EXERCISE DESCRIPTION: The answer must consist of each line of the records below that contains the string "ultimately".

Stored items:
☆ ☆ ☆ ☆ ☆ ☆ ☆

text \<open>Eliminate \<open>e\<close> between \<open>V\<^sub>1 \<circ> X\<close> and \<open>V\<^sub>2 \<circ> X\<close>, and between \<open>(-V\<^sub>1) \<circ> X\<close> and \<open>(-V\<^sub>2) \<circ> X\<close>,
  and join the results \<open>Z\<^sub>1\<close>, \<open>Z\<^sub>2\<close> by a zero-level vector agreeing with \<open>Z\<^sub>1 \<circ> (-Z\<^sub>2)\<close>. It
  vanishes at \<open>e\<close> and equals \<open>V\<^sub>1 \<circ> V\<^sub>2\<close> on \<open>supp V\<^sub>1\<close>; choosing \<open>X\<close> with \<open>supp X - supp V\<^sub>1\<close>
  as small as possible forces it to vanish elsewhere.\<close>
lemma zero_level_elim:
  assumes V1: "V1 \<in> zero_level E W" and V2: "V2 \<in> zero_level E W"
    and same_supp: "supp V1 = supp V2" and e: "e \<in> sep V1 V2"
  shows "\<exists>V\<in>zero_level E W. V e = Zero \<and> agrees_off_sep V V1 V2"
proof (cases "W = {}")
  case True
  have "sv_sum V1 V2 \<in> sv_set E"
    using V1 V2 by (auto simp: zero_level_def sv_set_def sv_sum_def comp_def)
  then have "sv_sum V1 V2 \<in> zero_level E W" using True by (simp add: zero_level_def)
  moreover have "sv_sum V1 V2 e = Zero" using e by (simp add: sv_sum_def)
  ultimately show ?thesis using agrees_off_sep_sv_sum by blast
next
  case False
  define D where "D = supp V1"
  obtain X where X: "X \<in> W" and X_min: "\<And>X'. X' \<in> W \<Longrightarrow> card (supp X - D) \<le> card (supp X' - D)"
    using False ex_has_least_nat[of "\<lambda>X. X \<in> W" _ "\<lambda>X. card (supp X - D)"] by blast
  have same_zero: "V2 f = Zero \<longleftrightarrow> V1 f = Zero" for f
    using same_supp by (auto simp: supp_def set_eq_iff)
  have "e \<in> sep (comp V1 X) (comp V2 X)" using e by (auto simp: sep_def comp_def)
  then obtain Z1 where Z1: "Z1 \<in> W" "Z1 e = Zero" "\<And>f. f \<notin> sep V1 V2 \<Longrightarrow> Z1 f = comp V1 X f"
    using elim_mem[OF zero_level_comp_mem[OF V1 X] zero_level_comp_mem[OF V2 X]]
    unfolding agrees_off_sep_comp_same_supp[OF same_supp] by blast
  have "e \<in> sep (comp (negv V1) X) (comp (negv V2) X)"
    using e by (auto simp: sep_def comp_def negv_def)
  then obtain Z2 where Z2: "Z2 \<in> W" "Z2 e = Zero" "\<And>f. f \<notin> sep V1 V2 \<Longrightarrow> Z2 f = comp (negv V1) X f"
    using elim_mem[OF zero_level_comp_mem[OF negv_zero_level[OF V1] X]
        zero_level_comp_mem[OF negv_zero_level[OF V2] X]]
    unfolding agrees_off_sep_comp_same_supp[of "negv V1" "negv V2", simplified, OF same_supp]
    by blast
  obtain V where V: "V \<in> zero_level E W" "agrees_off_sep V Z1 (negv Z2)"
    using exists_zero_level_agreeing[OF Z1(1) Z2(1)] by blast
  have V_eq: "V f = comp V1 V2 f" if "f \<notin> sep V1 V2" "f \<in> D \<or> X f = Zero" for f
  proof -
    have "f \<notin> sep Z1 (negv Z2) \<and> comp Z1 (negv Z2) f = comp V1 V2 f"
      using Z1(3)[OF that(1)] Z2(3)[OF that(1)] that(2) same_zero[of f]
      by (cases "V1 f"; cases "X f") (auto simp: sep_def comp_def negv_def D_def supp_def)
    then show ?thesis using agrees_off_sepD[OF V(2)] by simp
  qed
  have "V e = Zero"
    using agrees_off_sepD[OF V(2)] Z1(2) Z2(2) by (simp add: sep_def comp_def)
  moreover have "supp V \<subseteq> D"
  proof (rule zero_level_supp_subset[OF V(1) X _ X_min], rule subsetI, rule ccontr)
    fix f assume "f \<in> supp V" "f \<notin> D \<union> supp X"
    then have "V1 f = Zero" "X f = Zero" "V f \<noteq> Zero" unfolding D_def supp_def by auto
    moreover from this(1) have "f \<notin> sep V1 V2" by (simp add: sep_def)
    ultimately show False using V_eq same_zero by (simp add: comp_def)
  qed
  moreover have "agrees_off_sep V V1 V2"
    unfolding agrees_off_sep_def
  proof (intro allI impI)
    fix f assume f: "f \<notin> sep V1 V2"
    show "V f = comp V1 V2 f"
    proof (cases "f \<in> D")
      case True
      with f V_eq show ?thesis by blast
    next
      case False
      with \<open>supp V \<subseteq> D\<close> same_zero[of f] show ?thesis by (auto simp: D_def supp_def comp_def)
    qed
  qed
  ultimately show ?thesis using V(1) by blast
qed

lemma elim_via_zero_level:
  assumes X: "X \<in> W" and Y: "Y \<in> W" and V: "V \<in> zero_level E W"
    and agree: "agrees_off_sep V X (negv Y)" and e: "e \<in> sep X (negv Y)" and Ve: "V e = negv X e"
  shows "\<exists>Z\<in>W. Z e = Zero \<and> agrees_off_sep Z X (negv Y)"
proof -
  have "e \<in> sep X (comp V Y)" using e Ve by (cases "X e") (auto simp: sep_def comp_def negv_def)
  then obtain Z where Z: "Z \<in> W" "Z e = Zero" "agrees_off_sep Z (comp V Y) X"
    using elim_mem[OF X zero_level_comp_mem[OF V Y]] agrees_off_sep_commute by blast
  have "agrees_off_sep (comp V Y) (negv Y) X"
    using agrees_off_sep_comp_negv[OF agree] agrees_off_sep_commute by blast
  with Z(3) have "agrees_off_sep Z X (negv Y)"
    using agrees_off_sep_trans agrees_off_sep_commute by blast
  with Z(1,2) show ?thesis by blast
qed

definition completion :: "'e option signvec set" where
  "completion = {lift Zero V | V. V \<in> zero_level E W} \<union> {lift Pos X | X. X \<in> W}
     \<union> {lift Neg (negv X) | X. X \<in> W}"

lemma lift_mem_completion_iff:
  "lift s V \<in> completion \<longleftrightarrow>
     s = Zero \<and> V \<in> zero_level E W \<or> s = Pos \<and> V \<in> W \<or> s = Neg \<and> negv V \<in> W"
  unfolding completion_def by (auto intro: exI[of _ "negv V"])

lemma completion_elim_Pos_Neg:
  assumes X: "X \<in> W" and Y: "Y \<in> W" and e: "e \<in> sep (lift Pos X) (lift Neg (negv Y))"
  shows "\<exists>Z\<in>completion. Z e = Zero \<and> agrees_off_sep Z (lift Pos X) (lift Neg (negv Y))"
proof -
  obtain V where V: "V \<in> zero_level E W" and agree: "agrees_off_sep V X (negv Y)"
    using exists_zero_level_agreeing[OF X Y] by blast
  have lifted: "agrees_off_sep (lift r Z) (lift Pos X) (lift Neg (negv Y))"
    if "agrees_off_sep Z X (negv Y)" for r Z
    using that by (simp add: agrees_off_sep_lift_iff)
  show ?thesis
  proof (cases e)
    case None
    then show ?thesis using V lifted[OF agree, of Zero]
      by (intro bexI[of _ "lift Zero V"]) (simp_all add: lift_mem_completion_iff)
  next
    case (Some f)
    with e have f: "f \<in> sep X (negv Y)" by simp
    then have XY: "X f \<noteq> Zero" "Y f = X f"
      by (cases "X f"; cases "Y f"; simp add: sep_def negv_def)+
    consider "V f = Zero" | "V f = negv X f" | "V f = X f"
      using XY by (cases "V f"; cases "X f") (auto simp: negv_def)
    then show ?thesis
    proof cases
      case 1
      then show ?thesis using V Some lifted[OF agree, of Zero]
        by (intro bexI[of _ "lift Zero V"]) (simp_all add: lift_mem_completion_iff)
    next
      case 2
      then obtain Z where "Z \<in> W" "Z f = Zero" "agrees_off_sep Z X (negv Y)"
        using elim_via_zero_level[OF X Y V agree f] by blast
      then show ?thesis using Some lifted
        by (intro bexI[of _ "lift Pos Z"]) (simp_all add: lift_mem_completion_iff)
    next
      case 3
      have "agrees_off_sep (negv V) Y (negv X)"
        using agree agrees_off_sep_negv[of V X "negv Y"] by (simp add: agrees_off_sep_commute)
      moreover have "f \<in> sep Y (negv X)" using f by (metis sep_commute sep_negv_left)
      moreover have "negv V f = negv Y f" using 3 XY by simp
      ultimately obtain Z where "Z \<in> W" "Z f = Zero" "agrees_off_sep Z Y (negv X)"
        using elim_via_zero_level[OF Y X negv_zero_level[OF V]] by blast
      moreover from this(3) have "agrees_off_sep (negv Z) X (negv Y)"
        using agrees_off_sep_negv[of Z Y "negv X"] by (simp add: agrees_off_sep_commute)
      ultimately show ?thesis using Some lifted
        by (intro bexI[of _ "lift Neg (negv Z)"]) (simp_all add: lift_mem_completion_iff)
    qed
  qed
qed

☆ ☆ ☆ ☆ ☆ ☆ ☆

YOUR SOLUTION:
  ultimately show ?thesis using agrees_off_sep_sv_sum by blast
    ultimately show False using V_eq same_zero by (simp add: comp_def)
  ultimately show ?thesis using V(1) by blast
      ultimately obtain Z where "Z \<in> W" "Z f = Zero" "agrees_off_sep Z Y (negv X)"
      ultimately show ?thesis using Some lifted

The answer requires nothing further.